I remember graduating from toys to books, the way others move from cartoons to cinema. I’d pick up a Sidney Sheldon before an exam and finish it at dawn. Reading was oxygen, not escape.
Drawing gave me satisfaction. Writing gave me release. Pain turned into meaning. Restlessness turned into rhythm. I wanted to be a writer once, wrote books that are still unpublished…I still do, in disguise.
Then there was order, the need for structure, for cleanliness, for precision. I can’t breathe in chaos. Building order was my way of taming uncertainty.
And then came building. And destroying.
Sandcastles, toys, computers. I broke things apart just to see how they worked. Sometimes they never worked again. But discovery was the reward. I dissected insects. The thought of which makes me sad even today.
Learning was constant. Encyclopedias, dictionaries, endless whys. That never stopped.
“Curiosity is the first spark of creation. But if left unchecked, it becomes the fire that consumes the peace it once illuminated.”
Somewhere along the way, importance crept in. I wasn’t the top student, always close, never first. That gap became a hunger for recognition. Over time, accomplishment became synonymous with worth. Maybe that’s when the distortion began.
The Psychological Loop
Psychologists call it the hedonic treadmill, the mind’s tendency to return to a baseline of dissatisfaction no matter how much we achieve. The finish line moves faster than we can run.
Fulfillment is not about having more. It’s about noticing enough.
But when your wiring has been tuned since childhood to seek validation through doing, stillness feels like failure.
That realization brought both relief and grief.
Relief, because I understood the pattern. Grief, because I knew how deeply it was etched in me.
I’ve meditated for over fifteen years, to survive. Meditation doesn’t solve the storm. It only teaches you to observe it without drowning.
The Meaning of Meta-Creation
Somewhere along the way, I decided that building companies was my way of creating meaning.
Maybe it was the influence of my childhood, business conversations at home, the quiet respect attached to people who build. But over time, I realized: creation alone isn’t enough.
It’s the meaning behind creation that sustains.
That’s what I now call meta-creation, the act of understanding the patterns beneath what we build, and in doing so, understanding ourselves.

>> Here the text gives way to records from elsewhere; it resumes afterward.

(* Let $V$ be a finite-dimensional braided vector space of diagonal type over a field $F$ of characteristic zero and $\mathfrak B(V)$ its Nichols algebra. If $\Delta(\mathfrak B(V))$ is not an arithmetic root system (i.e. is infinite), then $\dim\mathfrak L(V)_L=\infty$ and $\dim\mathfrak L(V)_R=\infty$.
   Context: $V$ has basis $x_1<\dots<x_n$, braiding $C(x_i\otimes x_j)=p_{i,j}x_j\otimes x_i$; $\mathfrak B(V)=T(V)/\bigoplus_{m\ge2}\ker S_m$ is $\mathbb Z^n$-graded by $\deg x_i=e_i$. Words are ordered lexicographically; a word $u$ is Lyndon if $|u|=1$ or $u<u_2u_1$ for every factorization $u=u_1u_2$ into nonempty words. A word is standard with respect to $\mathfrak B(V)$ if in $\mathfrak B(V)$ it is not a linear combination of strictly greater words (of the same degree). $\Delta^+(\mathfrak B(V))$ is the set of degrees of words that are both Lyndon and standard (equivalently, degrees of Kharchenko's hard super-letters), $\Delta(\mathfrak B(V))=\Delta^+\cup(-\Delta^+)$; it is an arithmetic root system if it is finite. With $p_{u,v}=\prod p_{i,j}^{a_ib_j}$ for $\deg u=\sum a_ie_i,\deg v=\sum b_je_j$, $\mathfrak L(V)_L$ (resp. $\mathfrak L(V)_R$) is the Lie subalgebra of $\mathfrak B(V)$ generated by $V$ under $[u,v]_L=p_{v,u}uv-p_{u,v}vu$ (resp. $[u,v]_R=p_{u,v}uv-p_{v,u}vu$). *)

theory Defs
  imports "HOL-Combinatorics.Permutations"
begin

text \<open>Letters x_1 < ... < x_n are encoded as natural numbers 0 < ... < n-1.
  Words are lists of letters. Elements of the tensor algebra T(V) are
  finitely supported coefficient functions on words over the alphabet.\<close>

type_synonym 'a tens = "nat list \<Rightarrow> 'a"

definition tensor_elem :: "nat \<Rightarrow> 'a::zero tens \<Rightarrow> bool" where
  "tensor_elem n f \<longleftrightarrow> finite {w. f w \<noteq> 0} \<and> (\<forall>w. f w \<noteq> 0 \<longrightarrow> set w \<subseteq> {..<n})"

definition word :: "nat list \<Rightarrow> 'a::{zero,one} tens" where
  "word u = (\<lambda>w. if w = u then 1 else 0)"

text \<open>Quantum symmetrizer S_m (all m at once; it preserves length). For a word
  w = x_{i_0}...x_{i_{m-1}} and a permutation s of {0..<m}, the braid lift of s sends
  w to the word w' with w' ! (s a) = w ! a, multiplied by the product of p (w!a) (w!b)
  over all pairs a < b with s b < s a. Below, (symm p f) w' collects all contributions
  landing on w'.\<close>

definition symm :: "(nat \<Rightarrow> nat \<Rightarrow> 'a::field) \<Rightarrow> 'a tens \<Rightarrow> 'a tens" where
  "symm p f w' = (\<Sum>s\<in>{s. s permutes {0..<length w'}}.
      f (map (\<lambda>a. w' ! s a) [0..<length w'])
      * (\<Prod>(a,b)\<in>{(a,b). a < b \<and> b < length w' \<and> s b < s a}. p (w' ! s a) (w' ! s b)))"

“Building without meaning burns you out.
Meaning without building leaves you hollow.”
-Sahil Lavingia
I no longer chase success for its own sake. I think so, at least! I chase synthesis, the intersection of creation and comprehension. The moment when what I make begins to make me back. I am actively trying to use this as a framework of what I explore in my entrepreneurial journey.
A Work in Progress
I don’t have answers. Maybe I never will.
But I’ve learned that one aspect of being human is about learning to dance with my restlessness.
I’m learning to see ambition not as a flaw, but as a companion.
To forgive myself for not doing enough.
To celebrate the days when I simply am.
“The struggle isn’t proof of failure. It’s proof of life.”
-Tobi Lutke
In peeling back the layers, I’m looking for truth and not perfection.
And maybe that’s the only meaning there ever was.
A Note to Fellow Strivers
If you’ve been there, that quiet void between achievement and peace, you’re not alone.
The mind is a fascinating and cruel architect. It builds towers of ambition and then forgets the view it was meant to enjoy.
So take a breath. Close your eyes. Let the layers fall where they may.
You don’t have to build the world today.
Sometimes, peeling one layer is enough.